The aussie was the main gainer yesterday, extending its rally after the RBA kept interest rates steady as expected and ruled out further easing. Officials also noted that a rate hike could be possible should inflation pressures prove to be more stubborn than expected.

Today, a few hours ahead of the Fed, the Bank of Canada will announce its own monetary policy verdict. At its latest meeting, the BoC cut rates by 25bps and said that they are at about the right level.  Since then, data revealed a strong rebound in economic activity and employment growth, while underlying price pressures remained sticky.

According to Canada’s Overnight Index Swaps (OIS), investors are 95% confident that officials will refrain from pushing the rate cut button at this gathering, and they are surprisingly pricing in a rate hike by December 2026. Combined with headlines that US President Trump and Canada’s Prime Minister Mark Carney were reported to have had constructive talks on trade on Friday, this may allow the Bank to remain on hold and repeat a message of satisfaction about the level of interest rates.

Should this be the case, the market could remain convinced about a potential rate hike by the end of next year and may allow the loonie to add to the massive gains it posted on Friday after the surprisingly robust jobs data for last month.

Stocks mixed ahead of Fed, oil prices decline on Ukraine headlines

On Wall Street, the three major indices finished Tuesday’s session mixed, with the Dow Jones losing 0.38%, the Nasdaq gaining 0.13% and the S&P 500 finishing virtually unchanged. Today, stock futures are fractionally in the green, suggesting some degree of cautiousness ahead of the Fed outcome. If the well-anticipated rate cut is painted with hawkish colours, stocks could pull back as expectations of fewer rate cuts next year mean lower present values (PV) for high growth firms.

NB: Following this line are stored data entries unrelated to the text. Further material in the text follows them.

(* A finite simple graph $G$ is a linear forest (a disjoint union of paths) if and only if it admits an $LF$-free circular ordering.
   Context: A circular ordering of a finite set is obtained by placing its elements at distinct points of a circle. A circularly ordered graph is a graph with a circular ordering of its vertices; isomorphism means a graph isomorphism preserving circular orderings; induced circularly ordered subgraphs are induced subgraphs with the restricted ordering. A circular ordering $C$ of $V(G)$ is $LF$-free if no induced circularly ordered subgraph of $(G,C)$ is isomorphic to a member of $LF$. $LF$ consists of the following circularly ordered graphs (vertices $v_1,v_2,\dots$ clockwise in this order; the listed edges are all edges): the triangle on $v_1,v_2,v_3$; on $v_1,\dots,v_4$: edges $v_1v_2,v_2v_3,v_3v_4,v_4v_1$ (simple $C_4$); edges $v_1v_2,v_2v_4,v_4v_3,v_3v_1$ (the other circular ordering of $C_4$); edges $v_1v_2,v_2v_3,v_3v_4$ (simple $P_4$); edges $v_3v_1,v_1v_4,v_4v_2$ (crossed $P_4$); edges $v_3v_1,v_3v_2,v_3v_4$ (the claw). *)

theory Defs
  imports Main
begin

definition simple_graph :: "'a set \<Rightarrow> ('a \<Rightarrow> 'a \<Rightarrow> bool) \<Rightarrow> bool" where
  "simple_graph V E \<longleftrightarrow> finite V \<and> (\<forall>x y. E x y \<longrightarrow> x \<in> V \<and> y \<in> V)
     \<and> (\<forall>x y. E x y \<longrightarrow> E y x) \<and> (\<forall>x. \<not> E x x)"

definition induces_path :: "('a \<Rightarrow> 'a \<Rightarrow> bool) \<Rightarrow> 'a set \<Rightarrow> bool" where
  "induces_path E S \<longleftrightarrow> (\<exists>p. distinct p \<and> set p = S \<and>
     (\<forall>x\<in>S. \<forall>y\<in>S. E x y \<longleftrightarrow> (\<exists>i. Suc i < length p \<and> {p ! i, p ! Suc i} = {x, y})))"

definition component :: "('a \<Rightarrow> 'a \<Rightarrow> bool) \<Rightarrow> 'a \<Rightarrow> 'a set" where
  "component E x = {y. E\<^sup>*\<^sup>* x y}"

definition linear_forest :: "'a set \<Rightarrow> ('a \<Rightarrow> 'a \<Rightarrow> bool) \<Rightarrow> bool" where
  "linear_forest V E \<longleftrightarrow> (\<forall>x\<in>V. induces_path E (component E x))"

(* A circular ordering of V is represented by a numbering pos : V -> {0..<|V|}
   read clockwise around the circle (the cut point is irrelevant since all
   notions below are rotation invariant). *)
definition circ_ordering :: "'a set \<Rightarrow> ('a \<Rightarrow> nat) \<Rightarrow> bool" where
  "circ_ordering V pos \<longleftrightarrow> bij_betw pos V {0..<card V}"

definition clockwise :: "('a \<Rightarrow> nat) \<Rightarrow> 'a list \<Rightarrow> bool" where
  "clockwise pos us \<longleftrightarrow>
     (\<exists>j\<le>length us. sorted_wrt (<) (map pos (drop j us @ take j us)))"

(* A circularly ordered pattern: k vertices v_0,...,v_{k-1} clockwise,
   F the (undirected) edge set on indices. *)
type_synonym pattern = "nat \<times> (nat \<times> nat) set"

definition pat_adj :: "(nat \<times> nat) set \<Rightarrow> nat \<Rightarrow> nat \<Rightarrow> bool" where
  "pat_adj F i j \<longleftrightarrow> (i, j) \<in> F \<or> (j, i) \<in> F"

definition contains_pattern ::
  "'a set \<Rightarrow> ('a \<Rightarrow> 'a \<Rightarrow> bool) \<Rightarrow> ('a \<Rightarrow> nat) \<Rightarrow> pattern \<Rightarrow> bool" where
  "contains_pattern V E pos P \<longleftrightarrow> (\<exists>us. length us = fst P \<and> distinct us \<and> set us \<subseteq> V \<and>
     clockwise pos us \<and>
     (\<forall>i<fst P. \<forall>j<fst P. i \<noteq> j \<longrightarrow> (E (us ! i) (us ! j) \<longleftrightarrow> pat_adj (snd P) i j)))"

Oil prices are holding relatively steady today, after falling nearly 1% yesterday, perhaps due to renewed hopes about peace between Ukraine and Russia. Ukrainian President Zelenskiy said that in coordination with its European partners, they will present the US with a refined plan to end the war. A resolution could result in the removal of sanctions on Russian oil companies and thereby unblock restricted supply.